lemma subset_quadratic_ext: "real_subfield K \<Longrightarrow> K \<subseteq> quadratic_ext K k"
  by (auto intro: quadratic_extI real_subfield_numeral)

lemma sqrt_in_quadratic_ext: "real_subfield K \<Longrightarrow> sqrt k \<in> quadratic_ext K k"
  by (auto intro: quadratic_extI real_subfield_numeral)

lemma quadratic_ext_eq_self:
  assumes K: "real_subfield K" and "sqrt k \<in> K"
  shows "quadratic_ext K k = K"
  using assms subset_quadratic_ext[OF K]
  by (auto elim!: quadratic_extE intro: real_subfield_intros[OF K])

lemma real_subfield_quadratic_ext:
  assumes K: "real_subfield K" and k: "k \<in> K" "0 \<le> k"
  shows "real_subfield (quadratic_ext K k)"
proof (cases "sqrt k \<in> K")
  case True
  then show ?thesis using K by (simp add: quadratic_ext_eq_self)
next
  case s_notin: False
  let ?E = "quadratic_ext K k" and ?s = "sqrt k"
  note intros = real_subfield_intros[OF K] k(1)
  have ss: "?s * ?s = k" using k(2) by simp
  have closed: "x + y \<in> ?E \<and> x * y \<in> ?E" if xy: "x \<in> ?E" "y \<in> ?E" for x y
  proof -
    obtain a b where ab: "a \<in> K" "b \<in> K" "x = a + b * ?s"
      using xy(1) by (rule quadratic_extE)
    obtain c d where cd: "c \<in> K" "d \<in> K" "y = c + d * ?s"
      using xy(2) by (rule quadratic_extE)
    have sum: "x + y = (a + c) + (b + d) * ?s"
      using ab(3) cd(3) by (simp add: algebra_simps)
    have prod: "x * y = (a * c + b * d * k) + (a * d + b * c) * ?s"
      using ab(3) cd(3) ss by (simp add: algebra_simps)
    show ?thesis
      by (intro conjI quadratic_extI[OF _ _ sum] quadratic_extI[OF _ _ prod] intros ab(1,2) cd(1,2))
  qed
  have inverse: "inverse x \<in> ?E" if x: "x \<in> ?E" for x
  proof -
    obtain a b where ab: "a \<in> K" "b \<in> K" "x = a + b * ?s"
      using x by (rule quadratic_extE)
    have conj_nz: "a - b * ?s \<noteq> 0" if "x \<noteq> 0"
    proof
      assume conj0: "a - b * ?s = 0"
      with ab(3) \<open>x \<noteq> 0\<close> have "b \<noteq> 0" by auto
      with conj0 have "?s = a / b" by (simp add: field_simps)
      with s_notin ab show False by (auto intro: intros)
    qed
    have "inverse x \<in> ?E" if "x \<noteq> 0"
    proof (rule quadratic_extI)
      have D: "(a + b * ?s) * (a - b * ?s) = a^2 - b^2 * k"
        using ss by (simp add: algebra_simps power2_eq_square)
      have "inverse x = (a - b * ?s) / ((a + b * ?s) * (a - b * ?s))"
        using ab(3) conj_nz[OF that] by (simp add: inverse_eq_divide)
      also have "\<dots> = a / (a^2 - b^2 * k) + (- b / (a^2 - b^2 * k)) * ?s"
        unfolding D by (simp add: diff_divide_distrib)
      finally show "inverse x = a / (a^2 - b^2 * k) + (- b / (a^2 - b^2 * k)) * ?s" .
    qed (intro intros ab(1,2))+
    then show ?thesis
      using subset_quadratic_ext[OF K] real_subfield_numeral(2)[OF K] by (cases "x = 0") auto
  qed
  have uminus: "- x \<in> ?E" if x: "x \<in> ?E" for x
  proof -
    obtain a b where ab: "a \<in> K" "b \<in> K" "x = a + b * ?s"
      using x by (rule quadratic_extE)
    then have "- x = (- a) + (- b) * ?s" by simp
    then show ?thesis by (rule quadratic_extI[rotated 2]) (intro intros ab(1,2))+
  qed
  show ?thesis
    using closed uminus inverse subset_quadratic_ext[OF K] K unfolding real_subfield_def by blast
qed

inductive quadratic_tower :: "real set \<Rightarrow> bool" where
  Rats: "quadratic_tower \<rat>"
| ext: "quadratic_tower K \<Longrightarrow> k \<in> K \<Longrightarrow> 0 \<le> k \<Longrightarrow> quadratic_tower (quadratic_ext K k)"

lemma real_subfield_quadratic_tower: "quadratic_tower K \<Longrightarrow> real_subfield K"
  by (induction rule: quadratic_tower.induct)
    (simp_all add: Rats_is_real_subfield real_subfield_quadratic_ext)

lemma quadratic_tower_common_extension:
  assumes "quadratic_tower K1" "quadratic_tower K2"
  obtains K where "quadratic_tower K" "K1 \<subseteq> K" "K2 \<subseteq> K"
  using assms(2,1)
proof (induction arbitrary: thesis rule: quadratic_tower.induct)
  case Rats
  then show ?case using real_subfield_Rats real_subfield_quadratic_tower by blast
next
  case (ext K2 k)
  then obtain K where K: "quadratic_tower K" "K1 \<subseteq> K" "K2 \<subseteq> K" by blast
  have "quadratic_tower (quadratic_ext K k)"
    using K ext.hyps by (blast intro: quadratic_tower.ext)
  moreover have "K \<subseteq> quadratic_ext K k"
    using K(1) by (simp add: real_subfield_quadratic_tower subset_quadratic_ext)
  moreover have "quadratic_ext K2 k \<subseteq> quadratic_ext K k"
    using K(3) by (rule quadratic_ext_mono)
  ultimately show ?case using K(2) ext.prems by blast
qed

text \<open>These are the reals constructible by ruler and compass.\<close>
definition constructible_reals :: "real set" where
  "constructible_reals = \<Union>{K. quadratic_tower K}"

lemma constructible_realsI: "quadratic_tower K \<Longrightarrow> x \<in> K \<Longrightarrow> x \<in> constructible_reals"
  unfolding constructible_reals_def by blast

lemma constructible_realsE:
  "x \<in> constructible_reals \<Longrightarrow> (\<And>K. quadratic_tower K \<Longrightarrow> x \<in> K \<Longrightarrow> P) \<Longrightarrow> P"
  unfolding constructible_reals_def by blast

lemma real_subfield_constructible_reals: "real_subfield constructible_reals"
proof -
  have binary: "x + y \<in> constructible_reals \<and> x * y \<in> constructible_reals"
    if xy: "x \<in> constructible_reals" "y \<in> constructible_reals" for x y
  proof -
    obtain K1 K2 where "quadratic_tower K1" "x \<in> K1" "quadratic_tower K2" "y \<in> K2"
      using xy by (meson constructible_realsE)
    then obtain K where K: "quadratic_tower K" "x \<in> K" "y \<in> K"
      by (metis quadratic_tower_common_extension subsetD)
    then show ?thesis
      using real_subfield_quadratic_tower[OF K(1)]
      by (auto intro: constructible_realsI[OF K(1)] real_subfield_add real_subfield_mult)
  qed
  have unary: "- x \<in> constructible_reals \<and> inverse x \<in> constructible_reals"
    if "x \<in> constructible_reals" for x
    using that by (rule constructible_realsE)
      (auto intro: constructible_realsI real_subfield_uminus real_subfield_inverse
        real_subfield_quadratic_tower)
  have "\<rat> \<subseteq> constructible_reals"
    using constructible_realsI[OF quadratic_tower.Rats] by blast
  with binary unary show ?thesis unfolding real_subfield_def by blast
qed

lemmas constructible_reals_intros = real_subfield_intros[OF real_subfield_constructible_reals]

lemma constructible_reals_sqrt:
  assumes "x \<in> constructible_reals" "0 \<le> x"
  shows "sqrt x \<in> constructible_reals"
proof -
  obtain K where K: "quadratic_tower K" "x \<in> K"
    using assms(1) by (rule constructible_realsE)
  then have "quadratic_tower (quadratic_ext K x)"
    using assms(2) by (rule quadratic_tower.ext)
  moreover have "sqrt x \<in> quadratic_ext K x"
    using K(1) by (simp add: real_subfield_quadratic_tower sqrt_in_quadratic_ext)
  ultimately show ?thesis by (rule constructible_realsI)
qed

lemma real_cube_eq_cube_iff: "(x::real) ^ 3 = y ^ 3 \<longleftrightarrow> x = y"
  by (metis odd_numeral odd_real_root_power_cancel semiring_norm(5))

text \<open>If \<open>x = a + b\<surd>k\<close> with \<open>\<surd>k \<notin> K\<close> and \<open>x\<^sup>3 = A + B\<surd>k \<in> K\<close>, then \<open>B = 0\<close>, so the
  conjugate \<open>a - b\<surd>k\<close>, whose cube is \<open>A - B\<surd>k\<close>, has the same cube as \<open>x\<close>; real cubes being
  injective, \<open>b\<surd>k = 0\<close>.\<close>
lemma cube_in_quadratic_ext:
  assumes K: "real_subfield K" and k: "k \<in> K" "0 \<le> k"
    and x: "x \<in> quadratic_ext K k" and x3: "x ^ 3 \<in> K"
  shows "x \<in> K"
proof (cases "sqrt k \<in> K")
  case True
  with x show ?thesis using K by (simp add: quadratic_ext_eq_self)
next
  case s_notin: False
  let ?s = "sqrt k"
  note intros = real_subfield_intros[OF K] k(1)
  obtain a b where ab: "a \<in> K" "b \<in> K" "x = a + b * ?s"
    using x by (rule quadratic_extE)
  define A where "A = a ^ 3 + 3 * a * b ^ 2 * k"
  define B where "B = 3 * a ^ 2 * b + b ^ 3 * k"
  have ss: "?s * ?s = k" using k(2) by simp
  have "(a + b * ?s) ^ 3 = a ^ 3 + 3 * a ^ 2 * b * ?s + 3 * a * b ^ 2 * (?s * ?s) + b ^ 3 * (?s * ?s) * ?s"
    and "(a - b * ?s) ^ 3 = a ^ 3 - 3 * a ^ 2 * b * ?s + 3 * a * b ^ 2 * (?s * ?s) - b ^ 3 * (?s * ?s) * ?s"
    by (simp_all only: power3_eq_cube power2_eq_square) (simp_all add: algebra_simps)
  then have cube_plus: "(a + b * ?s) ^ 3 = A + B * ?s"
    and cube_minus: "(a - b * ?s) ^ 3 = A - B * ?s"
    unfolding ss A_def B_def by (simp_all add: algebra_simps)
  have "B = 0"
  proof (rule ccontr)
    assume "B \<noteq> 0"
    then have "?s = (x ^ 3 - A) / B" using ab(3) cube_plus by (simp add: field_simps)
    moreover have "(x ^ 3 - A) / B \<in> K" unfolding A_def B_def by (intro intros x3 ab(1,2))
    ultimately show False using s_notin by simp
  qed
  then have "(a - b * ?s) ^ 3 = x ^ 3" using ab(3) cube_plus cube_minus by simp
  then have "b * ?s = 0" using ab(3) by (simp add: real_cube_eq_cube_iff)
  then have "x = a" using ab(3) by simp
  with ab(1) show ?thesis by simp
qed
◆ ◆ ◆ ◆ ◆
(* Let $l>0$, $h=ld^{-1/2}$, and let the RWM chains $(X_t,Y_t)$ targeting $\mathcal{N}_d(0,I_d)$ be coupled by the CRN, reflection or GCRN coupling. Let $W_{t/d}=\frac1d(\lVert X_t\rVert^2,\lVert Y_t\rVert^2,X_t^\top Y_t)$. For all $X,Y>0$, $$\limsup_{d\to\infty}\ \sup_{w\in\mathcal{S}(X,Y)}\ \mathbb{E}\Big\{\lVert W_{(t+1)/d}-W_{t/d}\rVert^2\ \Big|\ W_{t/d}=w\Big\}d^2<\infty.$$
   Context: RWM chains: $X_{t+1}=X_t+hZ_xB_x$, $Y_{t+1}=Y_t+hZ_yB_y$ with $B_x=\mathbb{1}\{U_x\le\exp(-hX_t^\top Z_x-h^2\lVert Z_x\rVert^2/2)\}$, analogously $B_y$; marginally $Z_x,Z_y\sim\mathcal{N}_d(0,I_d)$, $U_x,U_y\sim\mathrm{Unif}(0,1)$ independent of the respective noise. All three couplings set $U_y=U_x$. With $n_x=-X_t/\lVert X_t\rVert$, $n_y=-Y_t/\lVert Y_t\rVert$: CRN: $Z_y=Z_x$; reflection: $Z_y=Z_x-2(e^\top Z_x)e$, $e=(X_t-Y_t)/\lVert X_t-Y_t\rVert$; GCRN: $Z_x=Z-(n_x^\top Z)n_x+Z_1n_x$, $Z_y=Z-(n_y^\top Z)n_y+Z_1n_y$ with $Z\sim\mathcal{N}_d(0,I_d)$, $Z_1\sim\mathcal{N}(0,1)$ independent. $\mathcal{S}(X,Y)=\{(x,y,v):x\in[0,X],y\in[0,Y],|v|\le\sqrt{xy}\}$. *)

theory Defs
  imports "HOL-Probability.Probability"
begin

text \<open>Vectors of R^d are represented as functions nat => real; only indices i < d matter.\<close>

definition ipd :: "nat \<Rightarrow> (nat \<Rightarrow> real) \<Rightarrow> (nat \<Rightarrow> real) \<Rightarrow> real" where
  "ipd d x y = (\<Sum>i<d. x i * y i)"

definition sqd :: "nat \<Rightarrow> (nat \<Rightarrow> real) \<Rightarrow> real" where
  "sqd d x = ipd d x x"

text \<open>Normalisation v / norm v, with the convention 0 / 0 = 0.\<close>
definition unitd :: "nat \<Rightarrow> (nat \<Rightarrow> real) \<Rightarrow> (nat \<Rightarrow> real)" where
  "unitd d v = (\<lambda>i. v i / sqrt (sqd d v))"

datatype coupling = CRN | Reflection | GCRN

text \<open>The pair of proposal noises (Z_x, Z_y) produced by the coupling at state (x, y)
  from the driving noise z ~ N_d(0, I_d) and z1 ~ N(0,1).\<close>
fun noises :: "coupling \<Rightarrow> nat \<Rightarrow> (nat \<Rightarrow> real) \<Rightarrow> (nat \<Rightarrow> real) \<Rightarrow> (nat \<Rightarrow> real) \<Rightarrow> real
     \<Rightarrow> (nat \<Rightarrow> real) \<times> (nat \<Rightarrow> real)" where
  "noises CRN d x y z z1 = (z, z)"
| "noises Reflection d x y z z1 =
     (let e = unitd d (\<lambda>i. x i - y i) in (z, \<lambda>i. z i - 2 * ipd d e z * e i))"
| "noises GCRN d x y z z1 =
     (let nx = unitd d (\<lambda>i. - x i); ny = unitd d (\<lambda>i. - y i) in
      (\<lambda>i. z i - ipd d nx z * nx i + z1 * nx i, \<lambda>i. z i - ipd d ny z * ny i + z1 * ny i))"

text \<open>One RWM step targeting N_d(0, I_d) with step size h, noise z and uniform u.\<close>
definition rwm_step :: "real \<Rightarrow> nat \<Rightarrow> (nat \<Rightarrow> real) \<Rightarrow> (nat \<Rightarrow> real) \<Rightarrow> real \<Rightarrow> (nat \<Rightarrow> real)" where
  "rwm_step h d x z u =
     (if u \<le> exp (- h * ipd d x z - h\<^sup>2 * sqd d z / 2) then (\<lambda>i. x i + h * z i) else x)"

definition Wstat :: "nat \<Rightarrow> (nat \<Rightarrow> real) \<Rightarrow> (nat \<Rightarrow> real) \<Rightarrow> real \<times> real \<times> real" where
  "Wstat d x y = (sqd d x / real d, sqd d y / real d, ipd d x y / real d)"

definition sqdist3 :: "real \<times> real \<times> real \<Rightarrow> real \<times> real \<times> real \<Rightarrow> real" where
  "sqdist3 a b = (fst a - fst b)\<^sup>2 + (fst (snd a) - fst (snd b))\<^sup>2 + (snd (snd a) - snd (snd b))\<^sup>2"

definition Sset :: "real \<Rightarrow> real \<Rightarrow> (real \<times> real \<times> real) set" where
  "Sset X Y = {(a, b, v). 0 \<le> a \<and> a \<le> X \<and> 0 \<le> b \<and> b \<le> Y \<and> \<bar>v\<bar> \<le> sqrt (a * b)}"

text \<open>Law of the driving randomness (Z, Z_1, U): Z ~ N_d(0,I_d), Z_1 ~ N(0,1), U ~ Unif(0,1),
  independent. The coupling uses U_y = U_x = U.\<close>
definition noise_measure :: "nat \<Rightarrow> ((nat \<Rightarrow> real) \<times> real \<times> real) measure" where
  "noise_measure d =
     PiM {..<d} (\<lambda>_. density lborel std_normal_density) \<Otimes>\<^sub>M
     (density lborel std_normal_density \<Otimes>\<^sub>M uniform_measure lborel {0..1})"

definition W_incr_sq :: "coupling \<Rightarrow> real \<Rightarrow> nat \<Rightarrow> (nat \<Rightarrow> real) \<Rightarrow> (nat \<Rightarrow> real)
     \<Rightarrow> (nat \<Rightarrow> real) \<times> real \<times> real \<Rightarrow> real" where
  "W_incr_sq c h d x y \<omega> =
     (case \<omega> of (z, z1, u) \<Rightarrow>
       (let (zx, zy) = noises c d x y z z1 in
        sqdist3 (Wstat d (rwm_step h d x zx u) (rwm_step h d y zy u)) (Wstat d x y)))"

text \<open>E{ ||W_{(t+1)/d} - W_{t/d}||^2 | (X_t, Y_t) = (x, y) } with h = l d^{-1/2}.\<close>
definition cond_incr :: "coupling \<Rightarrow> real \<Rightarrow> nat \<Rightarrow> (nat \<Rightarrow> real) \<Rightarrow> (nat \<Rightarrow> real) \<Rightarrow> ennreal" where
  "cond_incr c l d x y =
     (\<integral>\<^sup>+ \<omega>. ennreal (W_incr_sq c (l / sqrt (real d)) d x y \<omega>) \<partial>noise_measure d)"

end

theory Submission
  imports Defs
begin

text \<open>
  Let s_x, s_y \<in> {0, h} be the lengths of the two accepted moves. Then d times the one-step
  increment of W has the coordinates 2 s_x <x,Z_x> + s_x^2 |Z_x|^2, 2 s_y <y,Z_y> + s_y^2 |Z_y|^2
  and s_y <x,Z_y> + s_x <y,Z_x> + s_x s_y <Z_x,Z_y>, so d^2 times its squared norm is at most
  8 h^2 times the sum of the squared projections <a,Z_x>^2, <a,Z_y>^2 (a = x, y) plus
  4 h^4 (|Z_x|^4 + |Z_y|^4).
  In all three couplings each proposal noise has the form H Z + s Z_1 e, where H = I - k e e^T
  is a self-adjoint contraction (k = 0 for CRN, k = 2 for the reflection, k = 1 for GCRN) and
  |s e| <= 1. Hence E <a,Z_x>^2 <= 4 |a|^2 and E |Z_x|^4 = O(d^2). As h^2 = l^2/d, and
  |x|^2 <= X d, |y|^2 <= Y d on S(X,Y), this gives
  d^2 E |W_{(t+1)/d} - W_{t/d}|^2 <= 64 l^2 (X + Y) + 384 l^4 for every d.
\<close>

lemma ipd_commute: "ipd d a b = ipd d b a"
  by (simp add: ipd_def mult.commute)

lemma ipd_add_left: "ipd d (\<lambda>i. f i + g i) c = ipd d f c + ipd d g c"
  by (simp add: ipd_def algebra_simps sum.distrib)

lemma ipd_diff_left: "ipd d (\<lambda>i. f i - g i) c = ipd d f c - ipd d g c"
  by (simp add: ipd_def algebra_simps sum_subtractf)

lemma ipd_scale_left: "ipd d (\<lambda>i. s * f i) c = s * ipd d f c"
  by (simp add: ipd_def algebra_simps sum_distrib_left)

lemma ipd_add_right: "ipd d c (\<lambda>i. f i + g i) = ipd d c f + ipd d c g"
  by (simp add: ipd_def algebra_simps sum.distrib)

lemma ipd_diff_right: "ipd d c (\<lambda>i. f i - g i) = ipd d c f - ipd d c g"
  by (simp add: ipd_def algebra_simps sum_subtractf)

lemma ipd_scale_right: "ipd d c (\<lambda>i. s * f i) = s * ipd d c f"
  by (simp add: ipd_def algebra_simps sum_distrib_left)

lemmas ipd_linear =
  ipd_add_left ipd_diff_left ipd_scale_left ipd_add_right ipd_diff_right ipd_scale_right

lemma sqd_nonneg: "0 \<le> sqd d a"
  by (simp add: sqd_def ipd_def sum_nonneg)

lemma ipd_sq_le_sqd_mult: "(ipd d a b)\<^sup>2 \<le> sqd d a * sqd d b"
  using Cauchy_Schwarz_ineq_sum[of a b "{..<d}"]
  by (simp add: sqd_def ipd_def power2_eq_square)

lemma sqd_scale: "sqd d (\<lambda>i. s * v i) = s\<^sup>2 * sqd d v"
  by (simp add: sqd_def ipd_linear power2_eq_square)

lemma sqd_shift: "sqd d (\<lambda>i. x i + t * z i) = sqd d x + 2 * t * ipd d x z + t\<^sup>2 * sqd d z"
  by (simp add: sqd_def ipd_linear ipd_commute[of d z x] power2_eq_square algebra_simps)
◆ ◆ ◆ ◆ ◆
How to complete this task: For the listing above, identify each line bearing "definition".

Written solution:
definition constructible_reals :: "real set" where
definition ipd :: "nat \<Rightarrow> (nat \<Rightarrow> real) \<Rightarrow> (nat \<Rightarrow> real) \<Rightarrow> real" where
definition sqd :: "nat \<Rightarrow> (nat \<Rightarrow> real) \<Rightarrow> real" where
definition unitd :: "nat \<Rightarrow> (nat \<Rightarrow> real) \<Rightarrow> (nat \<Rightarrow> real)" where
definition rwm_step :: "real \<Rightarrow> nat \<Rightarrow> (nat \<Rightarrow> real) \<Rightarrow> (nat \<Rightarrow> real) \<Rightarrow> real \<Rightarrow> (nat \<Rightarrow> real)" where
definition Wstat :: "nat \<Rightarrow> (nat \<Rightarrow> real) \<Rightarrow> (nat \<Rightarrow> real) \<Rightarrow> real \<times> real \<times> real" where
definition sqdist3 :: "real \<times> real \<times> real \<Rightarrow> real \<times> real \<times> real \<Rightarrow> real" where
definition Sset :: "real \<Rightarrow> real \<Rightarrow> (real \<times> real \<times> real) set" where
definition noise_measure :: "nat \<Rightarrow> ((nat \<Rightarrow> real) \<times> real \<times> real) measure" where
definition W_incr_sq :: "coupling \<Rightarrow> real \<Rightarrow> nat \<Rightarrow> (nat \<Rightarrow> real) \<Rightarrow> (nat \<Rightarrow> real)
definition cond_incr :: "coupling \<Rightarrow> real \<Rightarrow> nat \<Rightarrow> (nat \<Rightarrow> real) \<Rightarrow> (nat \<Rightarrow> real) \<Rightarrow> ennreal" where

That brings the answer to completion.